Jurisprudence
Marques

Opposition à enregistrement - Absence de risque de confusion entre la marque notoire antérieure APPLE et le signe contesté PEN PINEAPPLE APPLE PEN

PIBD 1199-III-6
CA Paris, 9 novembre 2022

Opposition à l’enregistrement d’une marque verbale - Similarité des produits ou services - Complémentarité - Fonction - Circuits de distribution - Catégorie générale - Origine - Comparaison des signes - Différence visuelle, phonétique et intellectuelle - Marque verbale de l’UE antérieure - Adjonction de mots en attaque et d’un mot final - Langage courant - Langue étrangère - Traduction évidente - Impression d’ensemble - Mot commun distinctif mais non dominant - Position distinctive autonome - Ensemble unitaire - Risque de confusion (non) - Marque antérieure notoire - Conditions d’exploitation

Texte
Marque n° 009 783 978 de la société Apple Inc.
Marque n° 1 471 041 de la société Avex Inc.
Texte

Les « sauce de soja [...] ; sucre ; miel ; sel de table mélangé à des graines de sésame ; sel de cuisine ; sel de céleri ; assaisonnements dits "umami" ; [...] », visés dans la demande d'enregistrement international désignant la France portant sur le signe PEN PINEAPPLE APPLE PEN, et « les services de restauration (alimentation) », visés dans la marque de l'Union européenne antérieure APPLE, ne peuvent être considérés comme complémentaires, ni similaires. Les premiers recouvrent une série de produits alimentaires de base et de condiments que les seconds n'ont pas pour objet de servir en tant que tels. Par ailleurs, le public n’est pas fondé à leur attribuer la même origine.

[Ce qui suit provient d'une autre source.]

lemma card_words_relabel:
  assumes bij: "bij_betw \<phi> S A"
  shows "card {b. length b = L \<and> set b \<subseteq> A \<and> P b} = card {w. length w = L \<and> set w \<subseteq> S \<and> P (map \<phi> w)}"
proof -
  have lists: "map \<phi> ` lists S = lists A" using bij bij_betw_imp_surj_on lists_image by metis
  have "{b. length b = L \<and> set b \<subseteq> A \<and> P b} = map \<phi> ` {w. length w = L \<and> set w \<subseteq> S \<and> P (map \<phi> w)}"
  proof (intro equalityI subsetI)
    fix b assume b: "b \<in> {b. length b = L \<and> set b \<subseteq> A \<and> P b}"
    then have "b \<in> map \<phi> ` lists S" unfolding lists by (auto simp: in_lists_conv_set)
    then obtain w where "set w \<subseteq> S" "b = map \<phi> w" by (auto simp: in_lists_conv_set)
    with b show "b \<in> map \<phi> ` {w. length w = L \<and> set w \<subseteq> S \<and> P (map \<phi> w)}" by auto
  qed (use lists in \<open>auto simp: in_lists_conv_set\<close>)
  moreover have "inj_on (map \<phi>) {w. length w = L \<and> set w \<subseteq> S \<and> P (map \<phi> w)}"
    by (rule inj_on_subset[OF bij_betw_imp_inj_on[OF bij_lists[OF bij]]]) (auto simp: in_lists_conv_set)
  ultimately show ?thesis by (simp add: card_image)
qed

lemma card_avoiding_words_eq_kcount:
  assumes "finite A"
  shows "card {b. length b = L \<and> set b \<subseteq> A \<and> avoids_010_110 b} = kcount L (card A)"
proof -
  obtain \<phi> where bij: "bij_betw \<phi> {..<card A} A" and mono: "strict_mono_on {..<card A} \<phi>"
    using ex_bij_betw_strict_mono_card[OF assms] by blast
  show ?thesis
    unfolding card_words_relabel[OF bij] kcount_def atLeast0LessThan
    by (simp add: avoids_010_110_map_strict_mono[OF mono] cong: conj_cong)
qed

lemma card_avoiding_words_eq_jcount:
  assumes "finite A"
  shows "card {b. length b = L \<and> set b \<subseteq> A \<and> avoids_010_110 b \<and> card (forbidden_values b \<inter> A) = c}
    = jcount L (card A) c"
proof -
  obtain \<phi> where bij: "bij_betw \<phi> {..<card A} A" and mono: "strict_mono_on {..<card A} \<phi>"
    using ex_bij_betw_strict_mono_card[OF assms] by blast
  have "card (forbidden_values (map \<phi> w) \<inter> A) = forb w"
    if "set w \<subseteq> {..<card A}" "avoids_010_110 w" for w
  proof -
    have "forbidden_values w \<subseteq> {..<card A}" "below_repeated w \<subseteq> {..<card A}"
      using forbidden_values_subset_lessThan[OF that(1)] unfolding forbidden_values_def by auto
    then show ?thesis
      using forbidden_values_map_strict_mono[OF mono that(1)] bij_betw_imp_surj_on[OF bij]
        card_image[OF inj_on_subset[OF strict_mono_on_imp_inj_on[OF mono]]]
        forb_eq_card_forbidden_values[OF that(2)]
      by metis
  qed
  then show ?thesis
    unfolding card_words_relabel[OF bij] jcount_def atLeast0LessThan
    by (simp add: avoids_010_110_map_strict_mono[OF mono] cong: conj_cong)
qed

lemma avoids_010_110_append_replicate_max:
  assumes a: "avoids_010_110 s" and le: "\<forall>v\<in>set s. v \<le> M"
  shows "avoids_010_110 (s @ replicate k M)"
proof (rule avoids_010_110I)
  fix i j l let ?t = "s @ replicate k M"
  assume h: "i < j" "j < l" "l < length ?t" "?t ! l < ?t ! j"
  moreover have "?t ! j \<le> M" using h le by (auto simp: nth_append)
  ultimately have "l < length s" by (auto simp: nth_append split: if_splits)
  then show "?t ! i \<noteq> ?t ! l \<and> ?t ! i \<noteq> ?t ! j"
    using h avoids_010_110D_010[OF a, of i j l] avoids_010_110D_110[OF a, of i j l] by (auto simp: nth_append)
qed

lemma avoids_010_110_after_repeated_max:
  assumes a: "avoids_010_110 (x @ M # y @ M # z)" and v: "v \<in> set z"
  shows "M \<le> v"
proof (rule ccontr)
  assume "\<not> M \<le> v"
  moreover obtain k where "k < length z" "z ! k = v" using v by (auto simp: in_set_conv_nth)
  ultimately show False
    using avoids_010_110D_110[OF a, of "length x" "length x + Suc (length y)" "length x + Suc (length y) + Suc k"]
    by (simp add: nth_append)
qed

lemma forbidden_values_repeated_max:
  assumes le: "\<forall>v\<in>set (x @ M # y @ M # z). v \<le> M"
  shows "forbidden_values (x @ M # y @ M # z) = {..M}"
proof
  let ?s = "x @ M # y @ M # z"
  have "Max (set ?s) = M" using le by (intro Max_eqI) auto
  then show "forbidden_values ?s \<subseteq> {..M}" using forbidden_values_subset_atMost_Max[of ?s] by simp
  have "v \<in> below_repeated ?s" if "v < M" for v
    unfolding below_repeated_def
    by (rule CollectI exI[of _ "length x"] exI[of _ "length x + Suc (length y)"])+ (use that in \<open>simp add: nth_append\<close>)
  then show "{..M} \<subseteq> forbidden_values ?s" unfolding forbidden_values_def by (auto simp: le_less)
qed

lemma forb_repeated_max:
  assumes "avoids_010_110 (x @ M # y @ M # z)" and "\<forall>v\<in>set (x @ M # y @ M # z). v \<le> M"
  shows "forb (x @ M # y @ M # z) = M + 1"
  using assms by (simp add: forb_eq_card_forbidden_values forbidden_values_repeated_max)

lemma avoids_010_110_append_max_iff:
  assumes a: "avoids_010_110 a" and am: "\<forall>v\<in>set a. v < m" and bm: "\<forall>v\<in>set b. v < m"
  shows "avoids_010_110 (a @ m # b) \<longleftrightarrow> avoids_010_110 b \<and> set b \<inter> forbidden_values a = {}"
proof
  assume h: "avoids_010_110 (a @ m # b)"
  have disj: "set a \<inter> set b = {}"
  proof (rule ccontr)
    assume "set a \<inter> set b \<noteq> {}"
    then obtain v where v: "v \<in> set a" "v \<in> set b" by blast
    then have "v < m" using bm by blast
    obtain i l where "i < length a" "l < length b" "a ! i = v" "b ! l = v"
      using v by (auto simp: in_set_conv_nth)
    with \<open>v < m\<close> show False
      using avoids_010_110D_010[OF h, of i "length a" "length a + Suc l"] by (simp add: nth_append)
  qed
  then have "set a \<inter> set (m # b) = {}" using am by auto
  then have "avoids_010_110 (m # b)" "set (m # b) \<inter> below_repeated a = {}"
    using avoids_010_110_append_disjoint h by auto
  then show "avoids_010_110 b \<and> set b \<inter> forbidden_values a = {}"
    using avoids_010_110_appendD2[of "[m]" b] disj unfolding forbidden_values_def by auto
next
  assume h: "avoids_010_110 b \<and> set b \<inter> forbidden_values a = {}"
  have "avoids_010_110 ([m] @ b)"
    using avoids_010_110_append_disjoint[of "[m]" b] bm avoids_010_110_singleton below_repeated_singleton h
    by auto
  moreover have "set a \<inter> set (m # b) = {}" "set (m # b) \<inter> below_repeated a = {}"
    using h am below_repeated_subset_lessThan[OF am] unfolding forbidden_values_def by auto
  ultimately show "avoids_010_110 (a @ m # b)" using avoids_010_110_append_disjoint a by auto
qed

lemma forb_append_max:
  assumes a: "avoids_010_110 a" and am: "\<forall>v\<in>set a. v < m"
    and b: "avoids_010_110 b" "set b \<subseteq> {..<m} - forbidden_values a"
  shows "forb (a @ m # b) = forb a + 1 + card (forbidden_values b \<inter> ({..<m} - forbidden_values a))"
proof -
  have bm: "\<forall>v\<in>set b. v < m" using b by auto
  have Fa: "forbidden_values a \<subseteq> {..<m}" and Fb: "forbidden_values b \<subseteq> {..<m}"
    using forbidden_values_subset_lessThan am bm by auto
  have disj: "set a \<inter> set b = {}" and "m \<notin> set a" "m \<notin> set b"
    using b am bm unfolding forbidden_values_def by auto
  then have "below_repeated (a @ m # b) = below_repeated a \<union> below_repeated b"
    using below_repeated_append_disjoint[of a "m # b"] below_repeated_append_disjoint[of "[m]" b]
      below_repeated_singleton by auto
  define C where "C = forbidden_values b \<inter> ({..<m} - forbidden_values a)"
  have "forbidden_values (a @ m # b) = forbidden_values a \<union> insert m C"
    using \<open>below_repeated (a @ m # b) = _\<close> Fb unfolding forbidden_values_def C_def by auto
  moreover have "card (forbidden_values a \<union> insert m C) = card (forbidden_values a) + card (insert m C)"
    using Fa finite_subset[OF Fa] unfolding C_def by (intro card_Un_disjoint) auto
  moreover have "card (insert m C) = card C + 1" unfolding C_def by simp
  moreover have "avoids_010_110 (a @ m # b)" using avoids_010_110_append_max_iff[OF a am bm] b by auto
  ultimately show ?thesis unfolding C_def by (simp add: forb_eq_card_forbidden_values a)
qed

Les signes en cause ont en commun le terme « apple », utilisé seul pour la marque antérieure et, pour le signe contesté, placé au centre d'une séquence verbale composée de deux autres mots « pen » et « pineapple », le premier étant répété en fin de séquence. Le second terme est un mot courant et connu, signifiant « ananas » en anglais, qui sera perçu, tant visuellement que phonétiquement et conceptuellement, dans sa globalité par le consommateur qui n'isolera pas artificiellement l’élément « apple ».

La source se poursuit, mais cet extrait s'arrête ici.